Prevenzione doppia: terapia e PrEP contro nuove infezioni

La strategia di controllo dell’HIV si basa su due assi complementari: da un lato la terapia delle persone con infezione, che azzera la carica virale e interrompe la trasmissione (TasP, treatment as prevention), dall’altro la PrEP, la profilassi pre-esposizione per le persone a rischio. In entrambi i casi l’aderenza è il fattore decisivo. Le formulazioni long acting potrebbero rappresentare una svolta anche nella prevenzione, semplificando i percorsi e ampliando la copertura delle persone difficili da raggiungere. È in fase di sviluppo anche la rimborsabilità della PrEP a lunga durata.

Il nodo dell’engagement e la sfida della diagnosi precoc

Uno degli aspetti più critici resta il coinvolgimento costante delle persone nei percorsi di cura. L’approccio “same-day initiation”, che prevede l’avvio immediato della terapia nello stesso giorno della diagnosi, mira a ridurre le perdite iniziali nel sistema sanitario. La fase iniziale della presa in carico è considerata determinante non solo dal punto di vista clinico ma anche psicologico e sociale, perché influisce direttamente sulla capacità del paziente di restare in cura nel tempo.

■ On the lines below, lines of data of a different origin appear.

(* Let $p\ge2$, $n,\ell,t$ be positive integers, $r\le n$ a nonnegative integer, $\xi$ a prime with $\xi>\max(t,r)$, and $\mathbf{a}=(a_1,\dots,a_t)\in\{0,1,\dots,\xi-1\}^t$. Then the code $\mathcal{C}_{p,t,\ell}(n,r,\mathbf{a},\xi)$ is $t$-zero-block-insertion-correcting with block length $\ell$.
   Context: $\mathbb{Z}_p=\{0,1,\dots,p-1\}$. Any $\mathbf{z}\in\mathbb{Z}_p^n$ of Hamming weight $r$ can be written uniquely as $\mathbf{z}=0^{b_1}u_10^{b_2}u_2\cdots u_r0^{b_{r+1}}$ with $u_i\in\mathbb{Z}_p\setminus\{0\}$ and $b_i\ge0$ (so $b_i$ is the number of zeros having exactly $i-1$ nonzero symbols to their left). Define $$\mathcal{C}_{p,t,\ell}(n,r,\mathbf{a},\xi)=\Bigl\{\mathbf{z}\in\mathbb{Z}_p^n:\ \mathrm{wt}_H(\mathbf{z})=r,\ \sum_{i=1}^{r+1}i^q\Bigl\lfloor\frac{b_i}{\ell}\Bigr\rfloor\equiv a_q\pmod{\xi}\text{ for all }1\le q\le t\Bigr\}.$$ A zero-block insertion of length $\ell$ transforms a word $\mathbf{u}\mathbf{w}$ into $\mathbf{u}0^\ell\mathbf{w}$ (for any split point). A code is $t$-zero-block-insertion-correcting (block length $\ell$) if for any two distinct codewords, the sets of words obtainable from them by at most $t$ successive zero-block insertions of length $\ell$ are disjoint. *)

theory Defs
  imports "HOL-Computational_Algebra.Primes"
begin

definition wt_H :: "nat list \<Rightarrow> nat" where
  "wt_H z = length (filter (\<lambda>x. x \<noteq> 0) z)"

text \<open>b i z: number of zeros of z having exactly i-1 nonzero symbols to their left (i \<ge> 1).\<close>
definition zero_run :: "nat \<Rightarrow> nat list \<Rightarrow> nat" where
  "zero_run i z = card {j. j < length z \<and> z ! j = 0 \<and> wt_H (take j z) = i - 1}"

definition code_C :: "nat \<Rightarrow> nat \<Rightarrow> nat \<Rightarrow> nat \<Rightarrow> nat \<Rightarrow> (nat \<Rightarrow> nat) \<Rightarrow> nat \<Rightarrow> nat list set" where
  "code_C p t l n r a \<xi> = {z. length z = n \<and> set z \<subseteq> {0..<p} \<and> wt_H z = r \<and>
      (\<forall>q\<in>{1..t}. (\<Sum>i=1..r+1. i ^ q * (zero_run i z div l)) mod \<xi> = a q mod \<xi>)}"

definition zero_block_ins :: "nat \<Rightarrow> (nat list \<times> nat list) set" where
  "zero_block_ins l = {(u @ w, u @ replicate l 0 @ w) | u w. True}"

definition ins_ball :: "nat \<Rightarrow> nat \<Rightarrow> nat list \<Rightarrow> nat list set" where
  "ins_ball l t x = {y. \<exists>k\<le>t. (x, y) \<in> zero_block_ins l ^^ k}"

definition zero_block_ins_correcting :: "nat \<Rightarrow> nat \<Rightarrow> nat list set \<Rightarrow> bool" where
  "zero_block_ins_correcting t l C \<longleftrightarrow>
     (\<forall>x\<in>C. \<forall>y\<in>C. x \<noteq> y \<longrightarrow> ins_ball l t x \<inter> ins_ball l t y = {})"

end

theory Submission
  imports Defs "HOL-Number_Theory.Cong"
begin

(* A word is determined by its sequence of nonzero symbols together with its gaps b_1, ..., b_{r+1},
   and a zero-block insertion keeps the nonzero symbols and adds l to a single gap.  If codewords x
   and y both reach z, by k and k' insertions, then k = k' by length, and
   floor(b_i(x)/l) + m_x(i) = floor(b_i(y)/l) + m_y(i), where m_x(i) counts the insertions into gap i.
   The defining congruences of the code therefore make the power sums of the multisets m_x and m_y
   agree modulo xi in every degree q <= t.  As xi is a prime exceeding k, Newton's identities recover
   the elementary symmetric functions and hence the multisets modulo xi; their elements lie in
   {1, ..., r+1} with r < xi, so m_x = m_y.  Thus x and y have the same gaps, and x = y. *)

fun esym :: "nat \<Rightarrow> 'a::comm_semiring_1 list \<Rightarrow> 'a" where
  "esym 0 xs = 1"
| "esym (Suc j) [] = 0"
| "esym (Suc j) (x # xs) = esym (Suc j) xs + x * esym j xs"

definition power_sum :: "nat \<Rightarrow> 'a::comm_semiring_1 list \<Rightarrow> 'a" where
  "power_sum q xs = (\<Sum>x\<leftarrow>xs. x ^ q)"

lemma power_sum_Nil [simp]: "power_sum q [] = 0"
  and power_sum_Cons [simp]: "power_sum q (x # xs) = x ^ q + power_sum q xs"
  by (simp_all add: power_sum_def)

lemma esym_Cons: "esym j (x # xs) = esym j xs + (if j = 0 then 0 else x * esym (j - 1) xs)"
  by (cases j) simp_all

lemma sum_alternating_esym_Cons:
  fixes x :: "'a::comm_ring_1"
  shows "(\<Sum>i\<le>m. (-1) ^ i * esym (m - i) (x # xs) * x ^ Suc i) = x * esym m xs"
proof (induction m)
  case 0
  then show ?case by simp
next
  case (Suc m)
  have "(\<Sum>i\<le>m. (-1) ^ Suc i * esym (m - i) (x # xs) * x ^ Suc (Suc i))
      = - x * (\<Sum>i\<le>m. (-1) ^ i * esym (m - i) (x # xs) * x ^ Suc i)"
    by (simp add: sum_distrib_left algebra_simps)
  then have "(\<Sum>i\<le>m. (-1) ^ Suc i * esym (m - i) (x # xs) * x ^ Suc (Suc i)) = - x * (x * esym m xs)"
    by (simp only: Suc.IH)
  then show ?case
    by (subst sum.atMost_Suc_shift) (simp add: algebra_simps)
qed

Verso l’obiettivo zero nuove infezioni

L’Italia è vicina agli obiettivi internazionali fissati per il 2030 in termini di diagnosi, trattamento e soppressione virale. Tuttavia, la fase finale del percorso resta la più complessa. L’efficacia delle terapie, da sola, non è sufficiente: serve un sistema integrato che includa prevenzione, accesso ai servizi e interventi sui determinanti sociali. Il controllo dell’HIV, oggi, passa quindi da un equilibrio tra innovazione farmacologica e capacità di intercettare le fragilità sociali.

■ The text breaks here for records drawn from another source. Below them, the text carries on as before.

(* Let $(X,d)$ be a complete metric space, $k\ge2$, $0<\rho<1$, and $\mu:X^k\to X$ a nonexpansive, coordinatewise $\rho$-contractive $k$-mean. Then the barycentric operator $\beta$ of $\mu$ is power convergent, and hence there exists a unique continuous $(k+1)$-mean $\tilde\mu:X^{k+1}\to X$ that $\beta$-extends $\mu$. Furthermore, $\tilde\mu$ is nonexpansive and coordinatewise $\rho$-contractive.
   Context: A $k$-mean is a map $\mu:X^k\to X$ with $\mu(x,\ldots,x)=x$. Nonexpansive: $d(\mu(\mathbf{x}),\mu(\mathbf{y}))\le\max_j d(x_j,y_j)$ for all $\mathbf{x},\mathbf{y}\in X^k$. Coordinatewise $\rho$-contractive: $d(\mu(\mathbf{x}),\mu(\mathbf{y}))\le\rho\,d(x_j,y_j)$ whenever $\mathbf{x},\mathbf{y}$ differ only in coordinate $j$. Barycentric operator: $\beta(\mathbf{x})_j=\mu(x_1,\ldots,x_{j-1},x_{j+1},\ldots,x_{k+1})$ on $X^{k+1}$; power convergent: for each $\mathbf{x}$, $\beta^n(\mathbf{x})\to(x^*,\ldots,x^* )$ for some $x^*$. A $(k+1)$-mean $\nu$ $\beta$-extends $\mu$ if $\beta^n(\mathbf{x})\to(\nu(\mathbf{x}),\ldots,\nu(\mathbf{x}))$ for every $\mathbf{x}$. *)

theory Defs
  imports "HOL-Analysis.Analysis"
begin

text \<open>Points of X^k are represented as lists of length k.
  A map X^k -> X is a function on lists; only its values on lists of length k matter.\<close>

definition is_mean :: "nat \<Rightarrow> ('a list \<Rightarrow> 'a) \<Rightarrow> bool" where
  "is_mean k \<mu> \<longleftrightarrow> (\<forall>x. \<mu> (replicate k x) = x)"

definition nonexpansive_mean :: "nat \<Rightarrow> ('a::metric_space list \<Rightarrow> 'a) \<Rightarrow> bool" where
  "nonexpansive_mean k \<mu> \<longleftrightarrow>
     (\<forall>xs ys. length xs = k \<longrightarrow> length ys = k \<longrightarrow>
        dist (\<mu> xs) (\<mu> ys) \<le> Max {dist (xs ! j) (ys ! j) | j. j < k})"

definition coord_contractive :: "nat \<Rightarrow> real \<Rightarrow> ('a::metric_space list \<Rightarrow> 'a) \<Rightarrow> bool" where
  "coord_contractive k \<rho> \<mu> \<longleftrightarrow>
     (\<forall>xs ys j. length xs = k \<longrightarrow> length ys = k \<longrightarrow> j < k \<longrightarrow>
        (\<forall>i<k. i \<noteq> j \<longrightarrow> xs ! i = ys ! i) \<longrightarrow>
        dist (\<mu> xs) (\<mu> ys) \<le> \<rho> * dist (xs ! j) (ys ! j))"

definition barycentric :: "nat \<Rightarrow> ('a list \<Rightarrow> 'a) \<Rightarrow> 'a list \<Rightarrow> 'a list" where
  "barycentric k \<mu> xs = map (\<lambda>j. \<mu> (take j xs @ drop (Suc j) xs)) [0..<Suc k]"

definition power_convergent :: "nat \<Rightarrow> ('a::metric_space list \<Rightarrow> 'a) \<Rightarrow> bool" where
  "power_convergent k \<mu> \<longleftrightarrow>
     (\<forall>xs. length xs = Suc k \<longrightarrow>
        (\<exists>x. \<forall>j<Suc k. (\<lambda>n. ((barycentric k \<mu> ^^ n) xs) ! j) \<longlonglongrightarrow> x))"

definition beta_extends :: "nat \<Rightarrow> ('a::metric_space list \<Rightarrow> 'a) \<Rightarrow> ('a list \<Rightarrow> 'a) \<Rightarrow> bool" where
  "beta_extends k \<mu> \<nu> \<longleftrightarrow>
     (\<forall>xs. length xs = Suc k \<longrightarrow>
        (\<forall>j<Suc k. (\<lambda>n. ((barycentric k \<mu> ^^ n) xs) ! j) \<longlonglongrightarrow> \<nu> xs))"

definition continuous_mean :: "nat \<Rightarrow> ('a::metric_space list \<Rightarrow> 'a) \<Rightarrow> bool" where
  "continuous_mean k \<nu> \<longleftrightarrow>
     (\<forall>xs. length xs = k \<longrightarrow> (\<forall>e>0. \<exists>d>0. \<forall>ys. length ys = k \<longrightarrow>
        (\<forall>j<k. dist (xs ! j) (ys ! j) < d) \<longrightarrow> dist (\<nu> xs) (\<nu> ys) < e))"

end

theory Submission
  imports Defs
begin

Un modello internazionale: il caso San Francisco

Esperienze come quella di San Francisco mostrano come l’integrazione tra terapia long acting e interventi sociali possa produrre risultati molto elevati anche nei pazienti più difficili da trattare. In contesti con forte instabilità sociale, l’introduzione delle terapie iniettabili ha portato a tassi di soppressione virale fino al 98% a 48 settimane, dimostrando l’efficacia del modello.

Lo Spallanzani e la nuova frontiera della sanità pubblica

Il progetto si inserisce in una trasformazione più ampia del ruolo degli istituti di cura, sempre più orientati alla prevenzione e alla prossimità. L’obiettivo è portare la sanità fuori dagli ospedali, intercettando precocemente i bisogni e riducendo le disuguaglianze nell’accesso alle cure. La sfida, oggi, non è solo clinica ma organizzativa e sociale: costruire un sistema capace di non perdere nessuno lungo il percorso terapeutico.